Al-Qur’an sekadar dilihat dari segi banyak-sedikit, bukan dari hirarki maknanya. Selain itu dalam pernyataan di atas, al-Ghazali juga mengkritik jika ada yang meragukan hirarki teks hanya karena melihat sedikitnya ayat, hal itu seperti mengabaikan permata karena sedikit dan memilih dirham karena banyak, padahal dari segi nilai jelas yang pertama lebih unggul.
Dengan demikian al-Ikhlas semestinya tidak dipahami sebanding dengan sepertiga Al-Qur’an namun dengan sepertiga “kandungan” Al-Qur’an. Al-Ghazali melanjutkan:
“Perhatikanlah kembali ketiga klasifikasi yang telah kami sebutkan mengenai hal-hal pokok al-Qur’an, yaitu ma’rifatullah, pengetahuan akhirat dan pengetahuan mengenai shirat mustaqim. Ketiga klasifikasi ini merupakan hal pokok, sementara yang lainnya berada di belakangnya (tawabi’). Surah al-Ikhlas memuat satu dari ketiganya, yaitu ma’rifatullah, baik tentang ketauhidan-Nya dan kesucian-Nya dari yang menyekutui-Nya, baik jenis (genus) maupun spesiesnya. Memang benar dalam surah ini tidak ada ungkapan mengenai akhirat dan shirat mustaqim. Telah kami sebutkan bahwa dasar-dasar yang penting dari al-Qur’an adalah ma’rifatullah, pengetahuan akhirat dan pengetahuan shirat mustaqim. Oleh karena itu, surah ini sebanding dengan sepertiga dasar-dasar (kandungan) al-Qur’an sebagaimana yang disabdakan Rasulullah.”

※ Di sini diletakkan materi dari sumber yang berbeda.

theorem mainTheorem11:
  fixes V :: "(int \<times> int) set"
  assumes "finite V"
  shows "P3_partitionable V \<longleftrightarrow>
    (\<exists>S. finite S \<and> (\<forall>s\<in>S. is_unit_square s) \<and>
         real (card S) = 2 * real (card V) / 3 \<and>
         discriminates S (rotated_points V))"
proof -
  have card_iff: "real (card S) = 2 * real (card V) / 3 \<longleftrightarrow> 3 * card S = 2 * card V"
    for S :: "'a set"
    by linarith
  show ?thesis
    unfolding P3_partitionable_iff_path3_partition rotated_points_eq_image card_iff
  proof
    assume "\<exists>\<Pi>. path3_partition grid_adj V \<Pi>"
    then obtain \<Pi> where "path3_partition grid_adj V \<Pi>" ..
    then show "\<exists>S. finite S \<and> (\<forall>s\<in>S. is_unit_square s) \<and> 3 * card S = 2 * card V \<and>
        discriminates S (rotate_point ` V)"
      by (rule discriminating_squares_of_path3_partition[OF assms]) blast
  next
    assume "\<exists>S. finite S \<and> (\<forall>s\<in>S. is_unit_square s) \<and> 3 * card S = 2 * card V \<and>
        discriminates S (rotate_point ` V)"
    then show "\<exists>\<Pi>. path3_partition grid_adj V \<Pi>"
      using path3_partition_of_discriminating_squares[OF assms] by auto
  qed
qed

end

Jika demikian, bahwa maksud sepertiga dalam hadis Nabi adalah sepertiga kandungannya bukan sepertiga bacaannya, maka dapat dipahami bahwa membaca tiga kali surah al-Ikhlas tidak bisa dianggap setara dengan mengkhatamkan Al-Qur’an.
Al-Qur’an, sebagaimana dalam pandangan al-Ghazali memiliki tiga pokok kandungan, yaitu ma’rifatullah (seperti dalam kandungan surah al-Ikhlas), pengetahuan akhirat dan pengetahuan shiratal mustaqim.

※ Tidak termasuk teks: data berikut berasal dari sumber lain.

lemma has_vector_derivative_partial_fraction_primitive:
  fixes a b z :: complex and x :: real
  assumes "Im z > 0"
  shows "(partial_fraction_primitive a b z
          has_vector_derivative ((a * of_real x + b) / (1 + (of_real x)\<^sup>2) + a / (z - of_real x))) (at x)"
proof -
  define D where "D = (x - Re z)\<^sup>2 + (Im z)\<^sup>2"
  have D: "D > 0" using assms by (simp add: D_def add_nonneg_pos)
  have "((\<lambda>x. ln (1 + x\<^sup>2) / 2 - ln ((x - Re z)\<^sup>2 + (Im z)\<^sup>2) / 2)
          has_real_derivative (x / (1 + x\<^sup>2) - (x - Re z) / D)) (at x)"
    using D one_plus_square_pos[of x]
    by (auto intro!: derivative_eq_intros simp: D_def field_simps)
  moreover have "((\<lambda>x. arctan ((x - Re z) / Im z)) has_real_derivative (Im z / D)) (at x)"
    using D assms by (auto intro!: derivative_eq_intros simp: D_def field_simps power2_eq_square)
  moreover have "(arctan has_real_derivative (1 / (1 + x\<^sup>2))) (at x)"
    by (auto intro!: derivative_eq_intros simp: divide_inverse)
  ultimately have "(partial_fraction_primitive a b z
          has_vector_derivative (a * of_real (x / (1 + x\<^sup>2) - (x - Re z) / D)
              - \<i> * a * of_real (Im z / D) + b * of_real (1 / (1 + x\<^sup>2)))) (at x)"
    unfolding partial_fraction_primitive_def[abs_def]
    by (intro has_vector_derivative_add has_vector_derivative_diff has_vector_derivative_mult_right
        has_vector_derivative_of_real)
  also have "a * of_real (x / (1 + x\<^sup>2) - (x - Re z) / D) - \<i> * a * of_real (Im z / D)
      + b * of_real (1 / (1 + x\<^sup>2)) = (a * of_real x + b) / (1 + (of_real x)\<^sup>2) + a / (z - of_real x)"
  proof -
    have "a / (z - x) = a * ((of_real (Re z - x) - \<i> * of_real (Im z)) / of_real D)"
      using assms by (subst one_div_sub_of_real[of z x, folded D_def, symmetric]) simp_all
    then show ?thesis
      by (simp add: algebra_simps add_divide_distrib diff_divide_distrib)
  qed
  finally show ?thesis .
qed

lemma tendsto_partial_fraction_primitive:
  fixes a b z :: complex
  assumes "Im z > 0"
  shows "(partial_fraction_primitive a b z \<longlongrightarrow> (b - \<i> * a) * of_real (pi / 2)) at_top"
    and "(partial_fraction_primitive a b z \<longlongrightarrow> - (b - \<i> * a) * of_real (pi / 2)) at_bot"
proof -
  have "((\<lambda>x. ln (1 + x\<^sup>2) / 2 - ln ((x - u)\<^sup>2 + v\<^sup>2) / 2) \<longlongrightarrow> 0) at_top"
       "((\<lambda>x. ln (1 + x\<^sup>2) / 2 - ln ((x - u)\<^sup>2 + v\<^sup>2) / 2) \<longlongrightarrow> 0) at_bot"
       "((\<lambda>x. arctan ((x - u) / v)) \<longlongrightarrow> pi / 2) at_top"
       "((\<lambda>x. arctan ((x - u) / v)) \<longlongrightarrow> - (pi / 2)) at_bot"
    if "v > 0" for u v :: real
    using that by real_asymp+
  note lim = this[OF assms]
  have "(partial_fraction_primitive a b z
      \<longlongrightarrow> a * of_real 0 - \<i> * a * of_real (pi / 2) + b * of_real (pi / 2)) at_top"
    unfolding partial_fraction_primitive_def[abs_def] by (intro lim tendsto_arctan_at_top tendsto_intros)
  then show "(partial_fraction_primitive a b z \<longlongrightarrow> (b - \<i> * a) * of_real (pi / 2)) at_top"
    by (simp add: field_simps)
  have "(partial_fraction_primitive a b z
      \<longlongrightarrow> a * of_real 0 - \<i> * a * of_real (- (pi / 2)) + b * of_real (- (pi / 2))) at_bot"
    unfolding partial_fraction_primitive_def[abs_def] by (intro lim tendsto_arctan_at_bot tendsto_intros)
  then show "(partial_fraction_primitive a b z \<longlongrightarrow> - (b - \<i> * a) * of_real (pi / 2)) at_bot"
    by (simp add: field_simps)
qed

lemma lborel_integral_partial_fraction:
  fixes a b z :: complex
  assumes z: "Im z > 0"
    and integrable:
      "integrable lborel (\<lambda>x. (a * of_real x + b) / (1 + (of_real x)\<^sup>2) + a / (z - of_real x))"
  shows "(\<integral>x. (a * of_real x + b) / (1 + (of_real x)\<^sup>2) + a / (z - of_real x) \<partial>lborel)
    = of_real pi * (b - \<i> * a)"
proof -
  have "isCont (\<lambda>x. (a * of_real x + b) / (1 + (of_real x)\<^sup>2) + a / (z - of_real x)) x" for x :: real
    using z one_plus_square_of_real_nonzero[of x] by (intro continuous_intros) (auto simp: complex_eq_iff)
  from interval_integral_FTC_integrable
      [where F = "partial_fraction_primitive a b z" and a = "-\<infinity>" and b = \<infinity>, OF _ _ this]
  have "(LBINT x=-\<infinity>..\<infinity>. (a * of_real x + b) / (1 + (of_real x)\<^sup>2) + a / (z - of_real x))
          = (b - \<i> * a) * of_real (pi / 2) - (- (b - \<i> * a) * of_real (pi / 2))"
    using has_vector_derivative_partial_fraction_primitive[OF z] tendsto_partial_fraction_primitive[OF z] integrable
    by (simp add: ereal_tendsto_simps1 set_integrable_def)
  also have "\<dots> = of_real pi * (b - \<i> * a)"
    by (simp add: field_simps)
  finally show ?thesis by (simp add: LBINT_whole_line)
qed

lemma lborel_integral_inverse_square:
  fixes w :: complex
  assumes w: "Im w \<noteq> 0" and integrable: "integrable lborel (\<lambda>x. 1 / (of_real x - w)\<^sup>2)"
  shows "(\<integral>x. 1 / (of_real x - w)\<^sup>2 \<partial>lborel) = 0"
proof -
  define F where "F = (\<lambda>x::real. - 1 / (of_real x - w))"
  have nz: "of_real x - w \<noteq> 0" for x :: real
    using w by (auto simp: complex_eq_iff)
  have "(F has_vector_derivative 1 / (of_real x - w)\<^sup>2) (at x)" for x
    unfolding F_def using nz[of x]
    by (intro has_vector_derivative_real_field[where f = "\<lambda>\<zeta>. - 1 / (\<zeta> - w)"])
      (auto intro!: derivative_eq_intros simp: power2_eq_square)
  moreover have "isCont (\<lambda>x. 1 / (of_real x - w)\<^sup>2) x" for x :: real
    using nz[of x] by (intro continuous_intros) auto
  moreover have "filterlim (\<lambda>x::real. of_real x - w) at_infinity at_infinity"
    unfolding diff_conv_add_uminus using filterlim_norm_at_top[where 'a = real]
    by (intro tendsto_add_filterlim_at_infinity'[OF _ tendsto_const])
      (simp add: filterlim_at_infinity_conv_norm_at_top real_norm_def[abs_def])
  then have "(F \<longlongrightarrow> 0) at_infinity"
    unfolding F_def by (intro tendsto_divide_0[OF tendsto_const])
  then have "(F \<longlongrightarrow> 0) at_top" "(F \<longlongrightarrow> 0) at_bot"
    by (auto intro: tendsto_mono at_top_le_at_infinity at_bot_le_at_infinity)
  ultimately have "(LBINT x=-\<infinity>..\<infinity>. 1 / (of_real x - w)\<^sup>2) = 0 - 0"
    using interval_integral_FTC_integrable[where F = F and a = "-\<infinity>" and b = \<infinity>] integrable
    by (simp add: ereal_tendsto_simps1 set_integrable_def)
  then show ?thesis by (simp add: LBINT_whole_line)
qed

lemma field_partial_fraction:
  fixes P Q R S :: "'a::field"
  assumes "P \<noteq> 0" "Q \<noteq> 0" "S \<noteq> 0" "R * Q + P = S"
  shows "1 / (P * Q) = (R / P + 1 / Q) / S"
  using assms by (simp add: field_simps)

lemma field_double_pole_fraction:
  fixes P Q c :: "'a::field"
  assumes "P \<noteq> 0" "Q \<noteq> 0" "c * (Q\<^sup>2 - P) = Q"
  shows "1 / (P * Q) = c * (1 / P - 1 / Q\<^sup>2)"
proof -
  have "c * (1 / P - 1 / Q\<^sup>2) = c * (Q\<^sup>2 - P) / (P * Q\<^sup>2)"
    using assms by (simp add: field_simps)
  also have "\<dots> = 1 / (P * Q)"
    using assms by (simp add: power2_eq_square)
  finally show ?thesis ..
qed

lemma cauchy_kernel_partial_fractions:
  fixes y z :: complex
  assumes "y \<noteq> z" "1 + y\<^sup>2 \<noteq> 0" "1 + z\<^sup>2 \<noteq> 0"
  shows "1 / ((1 + y\<^sup>2) * (z - y)) = ((y + z) / (1 + y\<^sup>2) + 1 / (z - y)) / (1 + z\<^sup>2)"
  using assms by (intro field_partial_fraction) (auto simp: algebra_simps power2_eq_square)

lemma cauchy_kernel_at_i:
  fixes y :: complex
  assumes "1 + y\<^sup>2 \<noteq> 0"
  shows "1 / ((1 + y\<^sup>2) * (\<i> - y)) = - \<i> / 2 * (1 / (1 + y\<^sup>2) - 1 / (y - \<i>)\<^sup>2)"
proof -
  have "\<i> - y \<noteq> 0"
    using assms by (auto simp: complex_one_plus_square_eq)
  moreover have "- \<i> / 2 * ((\<i> - y)\<^sup>2 - (1 + y\<^sup>2)) = \<i> - y"
    by (simp add: algebra_simps power2_eq_square)
  ultimately show ?thesis
    using assms field_double_pole_fraction by (metis power2_commute)
qed

lemma integrable_cauchy_kernel:
  fixes z :: complex
  assumes z: "Im z > 0"
  shows "integrable lborel (\<lambda>x. 1 / ((1 + (of_real x)\<^sup>2) * (z - of_real x)))"
proof (rule Bochner_Integration.integrable_bound)
  show "integrable lborel (\<lambda>x. inverse (Im z) * inverse (1 + x\<^sup>2))"
    using integrable_inverse_1_plus_square by (simp add: set_integrable_def)
  show "AE x in lborel. norm (1 / ((1 + (of_real x)\<^sup>2) * (z - of_real x)))
      \<le> norm (inverse (Im z) * inverse (1 + x\<^sup>2))"
  proof (rule AE_I2)
    fix x :: real
    have "1 + (of_real x)\<^sup>2 = complex_of_real (1 + x\<^sup>2)"
      by simp
    then have "norm (1 / ((1 + (of_real x)\<^sup>2) * (z - of_real x)))
        = inverse (1 + x\<^sup>2) * inverse (cmod (z - of_real x))"
      using one_plus_square_pos[of x]
      by (simp add: norm_divide norm_mult norm_inverse divide_inverse abs_of_pos del: of_real_add of_real_power)
    also have "\<dots> \<le> inverse (1 + x\<^sup>2) * inverse (Im z)"
      using abs_Im_le_cmod[of "z - of_real x"] z one_plus_square_pos[of x]
      by (intro mult_left_mono le_imp_inverse_le) auto
    finally show "norm (1 / ((1 + (of_real x)\<^sup>2) * (z - of_real x)))
        \<le> norm (inverse (Im z) * inverse (1 + x\<^sup>2))"
      using z by (simp add: abs_mult mult.commute)
  qed
qed measurable

lemma lborel_integral_cauchy_kernel_at_i:
  "(\<integral>x. 1 / ((1 + (of_real x)\<^sup>2) * (\<i> - of_real x)) \<partial>lborel) = - \<i> / 2 * of_real pi"
proof -
  define A where "A = (\<lambda>x::real. 1 / (1 + (of_real x)\<^sup>2) :: complex)"
  define B where "B = (\<lambda>x::real. 1 / (of_real x - \<i>)\<^sup>2)"
  have kernel: "1 / ((1 + (of_real x)\<^sup>2) * (\<i> - of_real x)) = - \<i> / 2 * (A x - B x)" for x
    unfolding A_def B_def using one_plus_square_of_real_nonzero by (rule cauchy_kernel_at_i)
  have A_of_real: "A = (\<lambda>x. of_real (inverse (1 + x\<^sup>2)))"
    by (simp add: A_def divide_inverse)
  have A: "integrable lborel A"
    using integrable_inverse_1_plus_square unfolding A_of_real set_integrable_def
    by (intro integrable_of_real) simp
  have "(\<integral>x. A x \<partial>lborel) = of_real pi"
    using LBINT_inverse_1_plus_square unfolding A_of_real integral_complex_of_real
    by (simp add: LBINT_whole_line)
  moreover have B: "integrable lborel B"
  proof -
    have "B = (\<lambda>x. A x - 2 * \<i> * (1 / ((1 + (of_real x)\<^sup>2) * (\<i> - of_real x))))"
      unfolding kernel by (simp add: field_simps)
    then show ?thesis
      by (simp only:) (intro Bochner_Integration.integrable_diff integrable_mult_right A
        integrable_cauchy_kernel, simp)
  qed
  moreover have "(\<integral>x. B x \<partial>lborel) = 0"
    using B unfolding B_def by (rule lborel_integral_inverse_square[rotated]) simp
  ultimately show ?thesis
    by (simp only: kernel integral_mult_right_zero Bochner_Integration.integral_diff[OF A B]) simp
qed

Membaca satu, dua atau tiga kali surah al-Ikhlash tetap saja hanya membaca sepertiga kandungan Al-Qur’an, yaitu ma’rifatullah, karena surah al-Ikhlas tidak memiliki dua kandungan pokok yang lain, yakni pengetahuan akhirat dan pengetahuan mengenai shirat mustaqim.
Pemahaman ini secara otomatis meruntuhkan persepsi yang sudah menyebar di masyarakat bahwa pengkhataman al-Qur’an dapat diringkas hanya dengan membaca tiga kali surah al-Ikhlas saja.
Oleh: Ahmad Khoiri, Mahasiswa S1 Jurusan Ilmu al-Qur’an dan Tafsir (IQT) di STAIN Pamekasan, Madura dan Pegiat di UKK Lembaga Pers Mahasiswa (LPM) Activita.